- WORK TO COMPLETE: Restate, word for word, the lines from the opening line of the data through the line containing "define K where", both included, and nothing else.

Records from a collection
theorem lemma4:
  fixes M :: "'a measure" and e :: "nat \<Rightarrow> 'a \<Rightarrow> real"
    and n A k1 k2 :: nat and \<Delta> a b \<sigma> :: real
  assumes "prob_space M"
    and "prob_space.indep_vars M (\<lambda>_. borel) e {1..n}"
    and "\<And>i. i \<in> {1..n} \<Longrightarrow> distributed M lborel (e i) (normal_density 0 \<sigma>)"
    and "\<sigma> > 0" and "\<Delta> > 0" and "A \<ge> 2"
    and "A \<le> k1" and "k1 \<le> n - A" and "A \<le> k2" and "k2 \<le> n - A"
  defines "X \<equiv> (\<lambda>i::nat. real i * \<Delta>)"
    and "Y \<equiv> (\<lambda>w (i::nat). a * (real i * \<Delta>) + b + e i w)"
    and "p \<equiv> \<bar>real k2 - real k1\<bar>"
  shows "cov M (D3_std M X Y k1 A) (D3_std M X Y k2 A) =
           6 / (real A * ((real A)\<^sup>2 - 1)) *
           (if p < real A then f1 p (real A)
            else if p \<le> 2 * real A - 1 then f2 p (real A)
            else 0)"
proof -
  interpret prob_space M by fact
  define K where "K = 12 / (\<Delta> * real A * ((real A)\<^sup>2 - 1))"
  define S where "S k k' = (\<Sum>j\<in>{1..n}. D3_weight A k j * D3_weight A k' j)" for k k'
  define c where "c = real A * ((real A)\<^sup>2 - 1) / 6"
  have windows: "k1 + A \<le> n" "k2 + A \<le> n"
    using assms(6-10) by auto
  have cov_D3: "cov M (\<lambda>w. D3 X (Y w) k A) (\<lambda>w. D3 X (Y w) k' A) = K\<^sup>2 * \<sigma>\<^sup>2 * S k k'"
    if "k \<in> {k1, k2}" "k' \<in> {k1, k2}" for k k'
    unfolding X_def Y_def K_def S_def
    by (rule cov_D3_arithmetic_grid) (use that assms(2-10) windows in auto)
  have S_diagonal: "S k k = c" if "k \<in> {k1, k2}" for k
    using sum_D3_weight_products[of A k k n] that assms(6,7,9) windows
    by (auto simp: S_def c_def f1_def field_simps)
  have "K \<noteq> 0" "c > 0"
    using assms(5,6) mult_mono[of 2 "real A" 2 "real A"] by (auto simp: K_def c_def power2_eq_square)
  have "cov M (D3_std M X Y k1 A) (D3_std M X Y k2 A) =
      cov M (\<lambda>w. D3 X (Y w) k1 A) (\<lambda>w. D3 X (Y w) k2 A) /
      sqrt (var M (\<lambda>w. D3 X (Y w) k1 A) * var M (\<lambda>w. D3 X (Y w) k2 A))"
    unfolding D3_std_def[abs_def] by (rule cov_standardized)
  also have "\<dots> = K\<^sup>2 * \<sigma>\<^sup>2 * S k1 k2 / sqrt ((K\<^sup>2 * \<sigma>\<^sup>2 * c) * (K\<^sup>2 * \<sigma>\<^sup>2 * c))"
    by (simp add: var_eq_cov cov_D3 S_diagonal)
  also have "\<dots> = S k1 k2 / c"
    using \<open>K \<noteq> 0\<close> \<open>c > 0\<close> \<open>\<sigma> > 0\<close> by (simp add: real_sqrt_mult_self)
  finally show ?thesis
    using sum_D3_weight_products[of A k1 k2 n] assms(7,9) windows by (simp add: S_def c_def p_def)
qed

end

- OUTPUT FOR THIS EXERCISE:
theorem lemma4:
  fixes M :: "'a measure" and e :: "nat \<Rightarrow> 'a \<Rightarrow> real"
    and n A k1 k2 :: nat and \<Delta> a b \<sigma> :: real
  assumes "prob_space M"
    and "prob_space.indep_vars M (\<lambda>_. borel) e {1..n}"
    and "\<And>i. i \<in> {1..n} \<Longrightarrow> distributed M lborel (e i) (normal_density 0 \<sigma>)"
    and "\<sigma> > 0" and "\<Delta> > 0" and "A \<ge> 2"
    and "A \<le> k1" and "k1 \<le> n - A" and "A \<le> k2" and "k2 \<le> n - A"
  defines "X \<equiv> (\<lambda>i::nat. real i * \<Delta>)"
    and "Y \<equiv> (\<lambda>w (i::nat). a * (real i * \<Delta>) + b + e i w)"
    and "p \<equiv> \<bar>real k2 - real k1\<bar>"
  shows "cov M (D3_std M X Y k1 A) (D3_std M X Y k2 A) =
           6 / (real A * ((real A)\<^sup>2 - 1)) *
           (if p < real A then f1 p (real A)
            else if p \<le> 2 * real A - 1 then f2 p (real A)
            else 0)"
proof -
  interpret prob_space M by fact
  define K where "K = 12 / (\<Delta> * real A * ((real A)\<^sup>2 - 1))"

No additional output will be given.